#### Work task
If a line of the listing contains the string "UNIV", return that line.
────────────────
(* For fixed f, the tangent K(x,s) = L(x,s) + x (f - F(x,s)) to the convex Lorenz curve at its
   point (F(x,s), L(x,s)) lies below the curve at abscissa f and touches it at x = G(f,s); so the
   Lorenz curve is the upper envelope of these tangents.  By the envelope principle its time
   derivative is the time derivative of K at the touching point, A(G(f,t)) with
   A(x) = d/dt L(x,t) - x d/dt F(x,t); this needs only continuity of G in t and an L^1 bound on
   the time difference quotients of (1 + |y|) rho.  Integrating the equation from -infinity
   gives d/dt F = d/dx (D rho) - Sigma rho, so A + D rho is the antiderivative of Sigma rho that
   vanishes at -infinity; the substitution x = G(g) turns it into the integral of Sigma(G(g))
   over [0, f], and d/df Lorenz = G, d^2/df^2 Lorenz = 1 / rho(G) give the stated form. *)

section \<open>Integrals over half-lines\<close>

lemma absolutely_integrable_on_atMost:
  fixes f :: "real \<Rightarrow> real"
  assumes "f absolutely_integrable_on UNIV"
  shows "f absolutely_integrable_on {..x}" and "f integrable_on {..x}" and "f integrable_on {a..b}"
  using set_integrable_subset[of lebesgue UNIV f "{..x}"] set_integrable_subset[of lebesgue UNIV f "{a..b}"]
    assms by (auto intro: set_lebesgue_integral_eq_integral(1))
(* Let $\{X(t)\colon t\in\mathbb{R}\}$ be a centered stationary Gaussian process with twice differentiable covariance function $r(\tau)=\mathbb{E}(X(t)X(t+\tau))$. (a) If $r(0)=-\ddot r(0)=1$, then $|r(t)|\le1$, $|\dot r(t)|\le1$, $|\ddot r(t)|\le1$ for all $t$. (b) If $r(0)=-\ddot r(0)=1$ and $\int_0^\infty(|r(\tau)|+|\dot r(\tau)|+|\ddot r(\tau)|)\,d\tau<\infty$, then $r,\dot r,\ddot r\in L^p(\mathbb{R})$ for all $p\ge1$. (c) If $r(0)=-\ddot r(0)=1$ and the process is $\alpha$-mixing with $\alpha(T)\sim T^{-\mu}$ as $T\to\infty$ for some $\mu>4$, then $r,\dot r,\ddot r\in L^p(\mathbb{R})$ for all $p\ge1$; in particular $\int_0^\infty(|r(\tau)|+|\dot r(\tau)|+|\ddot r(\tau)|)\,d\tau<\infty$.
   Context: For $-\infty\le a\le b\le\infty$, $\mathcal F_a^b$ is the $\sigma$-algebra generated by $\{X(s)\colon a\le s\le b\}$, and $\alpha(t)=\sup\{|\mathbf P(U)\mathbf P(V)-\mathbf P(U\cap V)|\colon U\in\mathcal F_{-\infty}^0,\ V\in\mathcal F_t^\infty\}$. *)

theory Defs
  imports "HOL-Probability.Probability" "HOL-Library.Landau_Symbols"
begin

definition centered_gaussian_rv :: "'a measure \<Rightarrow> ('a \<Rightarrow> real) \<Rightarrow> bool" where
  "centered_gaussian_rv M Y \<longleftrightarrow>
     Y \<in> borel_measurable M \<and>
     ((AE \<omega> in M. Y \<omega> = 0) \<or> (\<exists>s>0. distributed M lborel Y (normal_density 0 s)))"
────────────────
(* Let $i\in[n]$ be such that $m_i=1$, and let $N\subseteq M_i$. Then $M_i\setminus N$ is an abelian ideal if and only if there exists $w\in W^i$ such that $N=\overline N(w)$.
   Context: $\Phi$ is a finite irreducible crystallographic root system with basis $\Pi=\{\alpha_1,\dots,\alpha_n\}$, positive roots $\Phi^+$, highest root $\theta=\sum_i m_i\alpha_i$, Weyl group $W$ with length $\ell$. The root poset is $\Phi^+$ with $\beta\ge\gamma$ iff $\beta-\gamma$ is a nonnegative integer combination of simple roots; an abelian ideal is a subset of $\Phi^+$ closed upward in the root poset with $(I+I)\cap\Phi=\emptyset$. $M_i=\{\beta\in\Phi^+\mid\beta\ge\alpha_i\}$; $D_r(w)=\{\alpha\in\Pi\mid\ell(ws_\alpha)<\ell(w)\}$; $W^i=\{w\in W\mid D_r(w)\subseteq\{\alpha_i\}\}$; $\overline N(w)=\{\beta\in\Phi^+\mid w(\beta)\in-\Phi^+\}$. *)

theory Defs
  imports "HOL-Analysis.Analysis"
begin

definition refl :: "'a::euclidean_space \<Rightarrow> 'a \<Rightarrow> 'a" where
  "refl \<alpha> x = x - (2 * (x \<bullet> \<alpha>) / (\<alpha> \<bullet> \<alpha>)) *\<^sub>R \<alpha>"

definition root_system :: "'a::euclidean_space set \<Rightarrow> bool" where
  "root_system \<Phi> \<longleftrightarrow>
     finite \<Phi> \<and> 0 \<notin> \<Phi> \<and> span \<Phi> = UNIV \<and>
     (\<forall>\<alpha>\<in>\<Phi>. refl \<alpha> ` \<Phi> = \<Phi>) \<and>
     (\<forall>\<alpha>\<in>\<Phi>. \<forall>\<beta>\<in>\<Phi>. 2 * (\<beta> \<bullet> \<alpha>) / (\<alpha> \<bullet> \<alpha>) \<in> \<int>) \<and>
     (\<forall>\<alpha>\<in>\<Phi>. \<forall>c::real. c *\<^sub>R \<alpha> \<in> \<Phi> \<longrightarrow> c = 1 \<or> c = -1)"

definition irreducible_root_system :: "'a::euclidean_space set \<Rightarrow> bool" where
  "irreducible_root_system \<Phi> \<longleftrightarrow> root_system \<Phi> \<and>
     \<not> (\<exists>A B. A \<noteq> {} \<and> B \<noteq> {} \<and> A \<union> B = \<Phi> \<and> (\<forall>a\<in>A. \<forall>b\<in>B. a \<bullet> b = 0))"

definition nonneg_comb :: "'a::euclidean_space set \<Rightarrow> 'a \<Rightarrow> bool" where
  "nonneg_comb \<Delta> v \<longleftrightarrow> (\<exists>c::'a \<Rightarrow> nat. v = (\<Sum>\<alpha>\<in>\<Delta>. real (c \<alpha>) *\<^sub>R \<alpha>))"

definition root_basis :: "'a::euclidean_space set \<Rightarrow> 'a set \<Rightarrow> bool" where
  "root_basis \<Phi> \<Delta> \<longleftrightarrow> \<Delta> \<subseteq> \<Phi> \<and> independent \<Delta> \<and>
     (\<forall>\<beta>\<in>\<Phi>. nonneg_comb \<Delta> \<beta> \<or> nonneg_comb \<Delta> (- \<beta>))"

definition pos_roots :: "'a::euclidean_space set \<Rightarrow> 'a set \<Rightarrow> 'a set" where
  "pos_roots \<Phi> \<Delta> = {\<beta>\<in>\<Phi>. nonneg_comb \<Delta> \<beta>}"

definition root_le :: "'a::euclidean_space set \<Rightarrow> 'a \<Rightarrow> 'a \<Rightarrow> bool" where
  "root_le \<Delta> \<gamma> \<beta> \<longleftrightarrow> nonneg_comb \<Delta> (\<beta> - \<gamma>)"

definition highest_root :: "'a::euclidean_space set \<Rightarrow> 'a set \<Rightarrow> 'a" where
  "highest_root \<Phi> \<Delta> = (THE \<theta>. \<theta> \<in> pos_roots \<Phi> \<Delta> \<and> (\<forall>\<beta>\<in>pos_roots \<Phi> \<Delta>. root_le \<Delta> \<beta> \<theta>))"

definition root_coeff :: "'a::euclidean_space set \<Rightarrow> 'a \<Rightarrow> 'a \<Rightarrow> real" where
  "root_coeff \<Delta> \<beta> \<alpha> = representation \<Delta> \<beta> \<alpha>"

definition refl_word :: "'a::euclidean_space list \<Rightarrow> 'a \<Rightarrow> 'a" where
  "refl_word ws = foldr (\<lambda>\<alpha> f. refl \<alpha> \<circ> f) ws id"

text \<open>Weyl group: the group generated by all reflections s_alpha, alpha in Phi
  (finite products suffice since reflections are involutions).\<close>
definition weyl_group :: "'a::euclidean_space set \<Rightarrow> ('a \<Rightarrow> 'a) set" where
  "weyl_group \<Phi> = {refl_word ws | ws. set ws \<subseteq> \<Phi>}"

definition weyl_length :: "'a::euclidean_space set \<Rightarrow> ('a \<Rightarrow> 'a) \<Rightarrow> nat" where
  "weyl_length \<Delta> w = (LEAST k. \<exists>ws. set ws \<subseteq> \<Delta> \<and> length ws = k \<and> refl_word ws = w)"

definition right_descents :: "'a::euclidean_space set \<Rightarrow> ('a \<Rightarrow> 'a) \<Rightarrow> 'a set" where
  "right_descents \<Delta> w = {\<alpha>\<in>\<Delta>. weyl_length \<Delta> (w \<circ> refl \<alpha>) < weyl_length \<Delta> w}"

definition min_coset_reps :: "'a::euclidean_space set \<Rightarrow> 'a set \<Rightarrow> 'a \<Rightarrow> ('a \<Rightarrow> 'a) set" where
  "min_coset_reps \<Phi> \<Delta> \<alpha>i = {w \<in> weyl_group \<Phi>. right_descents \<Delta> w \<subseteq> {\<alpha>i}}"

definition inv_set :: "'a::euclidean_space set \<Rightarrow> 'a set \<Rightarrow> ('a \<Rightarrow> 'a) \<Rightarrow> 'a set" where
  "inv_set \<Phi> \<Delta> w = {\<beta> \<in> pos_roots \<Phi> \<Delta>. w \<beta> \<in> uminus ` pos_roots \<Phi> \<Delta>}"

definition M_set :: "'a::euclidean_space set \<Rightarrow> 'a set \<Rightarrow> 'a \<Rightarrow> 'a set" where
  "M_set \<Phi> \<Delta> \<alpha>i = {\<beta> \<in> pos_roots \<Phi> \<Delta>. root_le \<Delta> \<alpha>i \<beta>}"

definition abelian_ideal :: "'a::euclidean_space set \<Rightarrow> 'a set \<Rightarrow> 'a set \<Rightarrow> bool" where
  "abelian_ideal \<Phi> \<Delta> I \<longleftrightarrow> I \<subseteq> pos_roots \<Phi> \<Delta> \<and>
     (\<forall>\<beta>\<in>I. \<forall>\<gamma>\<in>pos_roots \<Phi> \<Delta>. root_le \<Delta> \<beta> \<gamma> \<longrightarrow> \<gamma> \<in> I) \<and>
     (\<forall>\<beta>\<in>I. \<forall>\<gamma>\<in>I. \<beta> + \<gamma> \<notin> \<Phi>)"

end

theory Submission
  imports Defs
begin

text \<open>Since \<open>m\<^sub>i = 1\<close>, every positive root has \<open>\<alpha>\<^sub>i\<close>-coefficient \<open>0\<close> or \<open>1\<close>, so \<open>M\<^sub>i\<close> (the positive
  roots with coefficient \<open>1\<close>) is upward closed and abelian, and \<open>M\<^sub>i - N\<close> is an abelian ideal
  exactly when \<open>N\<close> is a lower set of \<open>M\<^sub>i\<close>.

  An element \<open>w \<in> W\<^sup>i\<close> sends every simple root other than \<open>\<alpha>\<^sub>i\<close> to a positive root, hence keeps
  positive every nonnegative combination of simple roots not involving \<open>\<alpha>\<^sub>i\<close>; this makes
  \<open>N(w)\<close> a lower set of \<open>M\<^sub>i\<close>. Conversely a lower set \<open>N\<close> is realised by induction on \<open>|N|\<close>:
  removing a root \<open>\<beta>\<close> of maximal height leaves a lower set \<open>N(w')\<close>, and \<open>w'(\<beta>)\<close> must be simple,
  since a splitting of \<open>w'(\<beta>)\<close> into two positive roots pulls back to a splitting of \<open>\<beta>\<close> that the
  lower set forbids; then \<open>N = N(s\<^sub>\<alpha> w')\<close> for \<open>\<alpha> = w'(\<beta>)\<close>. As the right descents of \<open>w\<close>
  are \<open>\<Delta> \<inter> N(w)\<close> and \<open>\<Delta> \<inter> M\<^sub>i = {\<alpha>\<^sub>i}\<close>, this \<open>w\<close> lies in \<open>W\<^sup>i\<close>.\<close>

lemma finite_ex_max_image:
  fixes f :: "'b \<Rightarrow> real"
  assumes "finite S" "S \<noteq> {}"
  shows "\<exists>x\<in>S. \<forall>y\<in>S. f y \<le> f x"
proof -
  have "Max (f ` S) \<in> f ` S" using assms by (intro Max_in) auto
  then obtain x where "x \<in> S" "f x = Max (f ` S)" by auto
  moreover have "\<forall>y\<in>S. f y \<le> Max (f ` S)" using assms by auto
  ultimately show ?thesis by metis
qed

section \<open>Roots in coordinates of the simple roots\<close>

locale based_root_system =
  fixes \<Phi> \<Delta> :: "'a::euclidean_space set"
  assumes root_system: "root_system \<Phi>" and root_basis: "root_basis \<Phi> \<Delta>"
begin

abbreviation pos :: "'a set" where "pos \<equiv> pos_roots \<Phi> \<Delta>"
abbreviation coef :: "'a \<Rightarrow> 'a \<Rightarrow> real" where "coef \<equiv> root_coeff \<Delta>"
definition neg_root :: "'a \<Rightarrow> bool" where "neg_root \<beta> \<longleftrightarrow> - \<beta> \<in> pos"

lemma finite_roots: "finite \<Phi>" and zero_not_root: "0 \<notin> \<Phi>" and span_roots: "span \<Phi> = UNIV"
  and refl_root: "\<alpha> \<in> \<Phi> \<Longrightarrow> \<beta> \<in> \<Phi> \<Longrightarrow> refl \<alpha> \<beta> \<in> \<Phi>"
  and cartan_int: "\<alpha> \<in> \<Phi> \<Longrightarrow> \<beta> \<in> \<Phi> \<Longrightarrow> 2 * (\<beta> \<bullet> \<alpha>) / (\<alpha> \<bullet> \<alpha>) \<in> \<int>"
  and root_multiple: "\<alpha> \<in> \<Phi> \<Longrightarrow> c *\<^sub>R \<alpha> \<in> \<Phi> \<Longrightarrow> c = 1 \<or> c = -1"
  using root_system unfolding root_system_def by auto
────────────────
#### Expected output
  assumes "f absolutely_integrable_on UNIV"
  using set_integrable_subset[of lebesgue UNIV f "{..x}"] set_integrable_subset[of lebesgue UNIV f "{a..b}"]
     finite \<Phi> \<and> 0 \<notin> \<Phi> \<and> span \<Phi> = UNIV \<and>
lemma finite_roots: "finite \<Phi>" and zero_not_root: "0 \<notin> \<Phi>" and span_roots: "span \<Phi> = UNIV"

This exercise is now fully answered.